In 2019, to fully meet the diverse needs for bone age assessment across different regions, healthcare levels, and standards, Yitu Healthcare’s AI-based bone age product underwent a comprehensive upgrade based on the 2017 TW3 method. It became the first globally to support multiple standards, including the TW3 method, the China-05 standard, and the Greulich-Pyle (GP) atlas method, achieving industry-leading performance under each standard system. This advancement effectively addresses the differentiated requirements of various regions, healthcare tiers, and medical institutions. Meanwhile, its growth and development functionalities have been further enriched, providing clinicians with a powerful and comprehensive tool for growth and development assessment.

“Seamless compatibility with multiple bone age assessment standards within a single system demonstrates Yitu Healthcare’s robust technical capabilities and deep understanding of clinical needs,” Shi Lei revealed. “The TW3 method covers bone age assessment for adolescents aged 1–16 years, while the Chinese CHN-05 method further extends the age range to 1–18 years. Physicians can flexibly select different bone age assessment standards based on their preferences or clinical requirements to efficiently address clinical needs.”
As of June 2019, the care.ai® Intelligent Diagnostic System for Pediatric Growth and Development had been deployed for clinical trials in over one hundred hospitals across China. Among the top ten pediatric hospitals listed in the 2018 Fudan University Hospital Rankings, nine have adopted this system. Furthermore, full coverage has been achieved at the primary hospital of the National Children’s Medical Center, positioning the product far ahead of its competitors.

Image source: Large-scale free clinic event for children's growth and development during the summer vacation at The Children's Hospital, Zhejiang University School of Medicine
In clinical trials, the new "physician + AI" image interpretation model also demonstrates significant advantages over purely manual interpretation.
A study titled “Research on the Application Value of AI Software in Clinical Bone Age Assessment,” conducted at a top-tier pediatric hospital in the capital, demonstrated that clinicians using a “physician + AI” image interpretation model completed the process from image input to bone age calculation in seconds—only 1/100 of the time required by the manual-only group—based on a test set of over 1,000 bone age radiographs spanning various age groups and both sexes.
Meanwhile, the “physician + AI” image interpretation model also demonstrates excellent performance in terms of diagnostic accuracy and consistency.

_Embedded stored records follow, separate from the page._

theorem theorem1:
  fixes p n :: nat
  assumes "prime p" and "n > 0"
  shows "n \<in> M (int p) \<longleftrightarrow>
    (\<exists>s (Q :: nat set).
       s \<le> 2 \<and> finite Q \<and> (\<forall>q\<in>Q. prime q \<and> q \<noteq> p) \<and>
       n = p ^ s * (\<Prod>q\<in>Q. q) \<and>
       (\<forall>q\<in>Q. (q - 1) dvd n \<and> [n div q + p = 0] (mod q)) \<and>
       (s = 1 \<longrightarrow> \<not> (p - 1) dvd n) \<and>
       (s = 2 \<longrightarrow> (p - 1) dvd n \<and> [n div p ^ 2 + 1 = 0] (mod p)))"
proof -
  have "n \<in> M (int p) \<longleftrightarrow> [S n n = p] (mod n)"
    using assms(2) by (simp add: M_def cong_int_iff)
  also have "\<dots> \<longleftrightarrow> (\<exists>s Q. admissible_factorization p n s Q)"
    using admissible_factorization_if_S_self_cong S_self_cong_if_admissible_factorization assms
    by blast
  finally show ?thesis
    unfolding admissible_factorization_def .
qed

end
lemma mulB_sum_left: "(\<Sum>i\<in>I. x i) \<cdot> z = (\<Sum>i\<in>I. x i \<cdot> z)"
  by (induction I rule: infinite_finite_induct) (simp_all add: mulB_add_left)

lemma mulB_sum_right: "z \<cdot> (\<Sum>i\<in>I. x i) = (\<Sum>i\<in>I. z \<cdot> x i)"
  by (induction I rule: infinite_finite_induct) (simp_all add: mulB_add_right)

lemma mulB_Pair_zero: "(x, 0) \<cdot> (y, 0) = (x * y, 0)"
  by (simp add: mulB_def)

lemma Pair_one_zero_eq_oneB: "(1, 0) = oneB"
  by (simp add: oneB_def)

lemma prodB_Nil [simp]: "bprod [] = oneB"
  and prodB_Cons [simp]: "bprod (x # xs) = x \<cdot> bprod xs"
  by (simp_all add: prodB_def)

lemma fst_powB: "fst (bpow b n) = fst b ^ n"
  by (induction n) (simp_all add: oneB_def mulB_def)

lemma powB_Suc_right: "bpow b (Suc n) = bpow b n \<cdot> b"
proof (induction n)
  case (Suc n)
  then show ?case by (metis powB.simps(2) mulB_assoc)
qed simp

definition fprod :: "'f list \<Rightarrow> 'f" where
  "fprod gs = snd (bprod (map (\<lambda>g. (0, g)) gs))"

lemma fprod_Nil [simp]: "fprod [] = 0"
  by (simp add: fprod_def oneB_def)

lemma fprod_Cons: "fprod (g # gs) = (if gs = [] then g else g * fprod gs)"
proof -
  have "fst (bprod (map (\<lambda>g. (0, g)) gs)) = (if gs = [] then 1 else 0)"
    by (induction gs) (simp_all add: oneB_def mulB_def)
  then show ?thesis
    by (simp add: fprod_def mulB_def bimodule oneB_def)
qed

lemma fprod_add_at: "fprod (xs @ (g + h) # ys) = fprod (xs @ g # ys) + fprod (xs @ h # ys)"
  by (induction xs) (simp_all add: fprod_Cons algebra_simps)

lemma fprod_mult_at: "fprod (xs @ g # h # ys) = fprod (xs @ (g * h) # ys)"
  by (induction xs) (simp_all add: fprod_Cons algebra_simps)

lemma fprod_sum_at: "fprod (xs @ (\<Sum>i\<in>I. h i) # ys) = (\<Sum>i\<in>I. fprod (xs @ h i # ys))"
proof -
  have "fprod (xs @ 0 # ys) = 0"
    by (induction xs) (simp_all add: fprod_Cons)
  then show ?thesis
    by (induction I rule: infinite_finite_induct) (simp_all add: fprod_add_at)
qed

lemma snd_powB_Pair_zero: "snd (bpow (0, g) M) = fprod (replicate M g)"
proof -
  have "bpow x M = bprod (replicate M x)" for x
    by (induction M) simp_all
  then show ?thesis
    by (simp add: fprod_def)
qed
lemma osucc_le_iff:
  assumes "\<exists>b. (a::'a::wellorder) < b"
  shows "osucc a \<le> c \<longleftrightarrow> a < c"
  using less_osucc[OF assms] osucc_le less_le_trans by blast

text \<open>The exponent raised by \<psi>: the least one, or 0 for \<psi>(0) = \<omega>^1.\<close>

definition psi_base :: "'a::wellorder multiset \<Rightarrow> 'a" where
  "psi_base M = (if M = {#} then ozero else Min (set_mset M))"

definition psi_mset :: "'a::wellorder multiset \<Rightarrow> 'a multiset" where
  "psi_mset M = add_mset (osucc (psi_base M)) (filter_mset (\<lambda>b. psi_base M < b) M)"

lemma cnf_last_eq_Min:
  assumes "cnf xs" "xs \<noteq> []"
  shows "last xs = Min (set xs)"
proof -
  obtain ys y where xs: "xs = ys @ [y]"
    using assms(2) rev_exhaust by blast
  have "y \<le> x" if "x \<in> set xs" for x
    using assms(1) that by (auto simp: xs cnf_def sorted_wrt_append)
  then show ?thesis
    by (intro Min_eqI[symmetric]) (auto simp: xs)
qed

lemma mset_psi:
  assumes no_max: "\<forall>a::'a::wellorder. \<exists>b. a < b" and "cnf (xs::'a list)"
  shows "mset (psi xs) = psi_mset (mset xs)"
proof (cases "xs = []")
  case True
  then show ?thesis by (simp add: psi_def psi_mset_def psi_base_def)
next
  case False
  define m where "m = last xs"
  have base: "psi_base (mset xs) = m"
    using cnf_last_eq_Min[OF assms(2) False] False by (simp add: psi_base_def m_def)
  have xs: "xs = butlast xs @ [m]"
    using False by (simp add: m_def)
  have "filter (\<lambda>c. osucc m \<le> c) (butlast xs) = filter (\<lambda>c. m < c) (butlast xs)"
    using osucc_le_iff[OF spec[OF no_max]] by simp
  moreover have "filter_mset (\<lambda>b. m < b) (mset xs) = mset (filter (\<lambda>c. m < c) (butlast xs))"
    by (subst xs) simp
  ultimately show ?thesis
    using False by (simp add: psi_def psi_mset_def base cnf_plus_def m_def)
qed
sublocale stability: saddle_stability V ipV Vs pV H ipH Hs pH A\<^sub>0 B\<^sub>0 f\<^sub>0 u\<^sub>0 \<mu>\<^sub>0 "at 0" A\<^sub>s B\<^sub>s f\<^sub>s U \<Lambda> \<alpha> \<gamma>
  "\<lambda>s. \<bar>s\<bar> * \<bar>c\<^sub>A\<bar> + o\<^sub>A s" "\<lambda>s. \<bar>s\<bar> * \<bar>c\<^sub>B\<bar> + o\<^sub>B s" "\<lambda>s. \<bar>s\<bar> * V.dnrm f\<^sub>1 + o\<^sub>f s"
proof unfold_locales
  show "\<forall>\<^sub>F s in at 0. lin_map V Vs (A\<^sub>s s) \<and> lin_map V H (B\<^sub>s s) \<and> f\<^sub>s s \<in> Vs
      \<and> is_saddle V Hs (lagrangian pV pH (A\<^sub>s s) (B\<^sub>s s) (f\<^sub>s s)) (U s) (\<Lambda> s)"
    using perturbed_lin saddle by eventually_elim simp
qed (fact A\<^sub>0_lin B\<^sub>0_lin f\<^sub>0_mem coercive A\<^sub>0_bounded B\<^sub>0_onto saddle\<^sub>0 A\<^sub>s_close B\<^sub>s_close f\<^sub>s_close
    linear_plus_small_o_tendsto[OF remainder_small(1)] linear_plus_small_o_tendsto[OF remainder_small(2)]
    linear_plus_small_o_tendsto[OF remainder_small(3)])+

lemma energy_difference_bracket:
  "\<forall>\<^sub>F s in at 0.
     s * lagrangian pV pH A\<^sub>1 B\<^sub>1 f\<^sub>1 (U s) \<mu>\<^sub>0 + lagrangian pV pH (A\<^sub>2 s) (B\<^sub>2 s) (f\<^sub>2 s) (U s) \<mu>\<^sub>0
       \<le> energy pV (A\<^sub>s s) (f\<^sub>s s) (U s) - energy pV A\<^sub>0 f\<^sub>0 u\<^sub>0
   \<and> energy pV (A\<^sub>s s) (f\<^sub>s s) (U s) - energy pV A\<^sub>0 f\<^sub>0 u\<^sub>0
       \<le> s * lagrangian pV pH A\<^sub>1 B\<^sub>1 f\<^sub>1 u\<^sub>0 (\<Lambda> s) + lagrangian pV pH (A\<^sub>2 s) (B\<^sub>2 s) (f\<^sub>2 s) u\<^sub>0 (\<Lambda> s)"
  using perturbed_lin saddle remainder stability.perturbed_conditions
proof eventually_elim
  case (elim s)
  let ?L = "lagrangian pV pH (A\<^sub>s s) (B\<^sub>s s) (f\<^sub>s s)" and ?L\<^sub>0 = "lagrangian pV pH A\<^sub>0 B\<^sub>0 f\<^sub>0"
  have lin: "lin_map V Vs (A\<^sub>s s)" "lin_map V H (B\<^sub>s s)" "f\<^sub>s s \<in> Vs"
    and saddle\<^sub>s: "is_saddle V Hs ?L (U s) (\<Lambda> s)"
    and rem: "lin_map V Vs (A\<^sub>2 s)" "lin_map V H (B\<^sub>2 s)" "f\<^sub>2 s \<in> Vs"
    and u: "U s \<in> V" and l: "\<Lambda> s \<in> Hs"
    using elim by blast+
  have u\<^sub>0: "u\<^sub>0 \<in> V" and \<mu>\<^sub>0: "\<mu>\<^sub>0 \<in> Hs"
    using stability.saddle\<^sub>0_conditions by blast+
  have expansion: "?L v \<mu> = ?L\<^sub>0 v \<mu> + s * lagrangian pV pH A\<^sub>1 B\<^sub>1 f\<^sub>1 v \<mu>
      + lagrangian pV pH (A\<^sub>2 s) (B\<^sub>2 s) (f\<^sub>2 s) v \<mu>" if "v \<in> V" "\<mu> \<in> Hs" for v \<mu>
    using that rem(3) f\<^sub>0_mem f\<^sub>1_mem
    by (intro lagrangian_expansion lin_map_mem[OF A\<^sub>0_lin] lin_map_mem[OF A\<^sub>1_lin] lin_map_mem[OF rem(1)]
        lin_map_mem[OF B\<^sub>0_lin] lin_map_mem[OF B\<^sub>1_lin] lin_map_mem[OF rem(2)])
  show ?case
    using saddle_value_bracket[OF saddle\<^sub>0 saddle\<^sub>s] expansion[OF u \<mu>\<^sub>0] expansion[OF u\<^sub>0 l]
      saddle_value[OF lin saddle\<^sub>s] saddle_value[OF A\<^sub>0_lin B\<^sub>0_lin f\<^sub>0_mem saddle\<^sub>0]
    by linarith
qed

lemma first_order_primal_tendsto:
  "((\<lambda>s. lagrangian pV pH A\<^sub>1 B\<^sub>1 f\<^sub>1 (U s) \<mu>\<^sub>0) \<longlongrightarrow> lagrangian pV pH A\<^sub>1 B\<^sub>1 f\<^sub>1 u\<^sub>0 \<mu>\<^sub>0) (at 0)"
proof -
  let ?L\<^sub>1 = "lagrangian pV pH A\<^sub>1 B\<^sub>1 f\<^sub>1"
  have u\<^sub>0: "u\<^sub>0 \<in> V" and \<mu>\<^sub>0: "\<mu>\<^sub>0 \<in> Hs"
    using stability.saddle\<^sub>0_conditions by blast+
  obtain K where K: "\<forall>\<^sub>F s in at 0. V.nrm (U s) \<le> K"
    using stability.solution_bounded by blast
  define C where "C = \<bar>c\<^sub>A\<bar> / 2 * (V.nrm u\<^sub>0 + K) + V.dnrm f\<^sub>1 + H.dnrm \<mu>\<^sub>0 * \<bar>c\<^sub>B\<bar>"
  have "\<forall>\<^sub>F s in at 0. norm (?L\<^sub>1 (U s) \<mu>\<^sub>0 - ?L\<^sub>1 u\<^sub>0 \<mu>\<^sub>0) \<le> C * V.nrm (\<lambda>x. U s x - u\<^sub>0 x)"
    using stability.perturbed_conditions K
  proof eventually_elim
    case (elim s)
    let ?e = "\<lambda>x. U s x - u\<^sub>0 x"
    have u: "U s \<in> V" using elim by blast
    have e: "?e \<in> V" using u u\<^sub>0 by simp
    have "\<bar>pV (A\<^sub>1 ?e) (U s)\<bar> \<le> \<bar>c\<^sub>A\<bar> * V.nrm ?e * V.nrm (U s)"
      by (rule operator_pair_bound[OF A\<^sub>1_lin A\<^sub>1_bounded e u])
    also have "\<dots> \<le> \<bar>c\<^sub>A\<bar> * V.nrm ?e * K"
      using elim e by (intro mult_left_mono) auto
    finally show ?case
      using lagrangian_primal_diff[OF A\<^sub>1_lin B\<^sub>1_lin f\<^sub>1_mem \<mu>\<^sub>0 u\<^sub>0 u]
        operator_pair_bound[OF A\<^sub>1_lin A\<^sub>1_bounded u\<^sub>0 e] V.dnrm_bound[OF f\<^sub>1_mem e]
        constraint_pair_bound[OF B\<^sub>1_lin B\<^sub>1_bounded \<mu>\<^sub>0 e]
      unfolding C_def by (simp add: algebra_simps abs_le_iff add_divide_distrib)
  qed
  then have "((\<lambda>s. ?L\<^sub>1 (U s) \<mu>\<^sub>0 - ?L\<^sub>1 u\<^sub>0 \<mu>\<^sub>0) \<longlongrightarrow> 0) (at 0)"
    by (rule Lim_null_comparison) (rule tendsto_mult_right_zero[OF stability.solution_tendsto])
  then show ?thesis
    by (simp add: LIM_zero_iff)
qed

Statistical data show that the accuracy of bone age interpretation by “physician + AI” within ±1 year improved by an average of 8% compared with the gold standard, the mean error relative to the gold standard was reduced to the order of months, and the variability of the interpretation results was lower.
“Yitu Healthcare is establishing partnerships with an increasing number of top-tier pediatric hospitals, empowering clinical bone age assessment with advanced medical AI products and driving the comprehensive intelligent transformation of bone age assessment in China,” said Shi Lei. “We look forward to welcoming more like-minded professionals to join us in leveraging China’s first deep learning-based advanced AI to better promote standardized diagnosis and treatment as well as disease prevention for children’s growth and development.”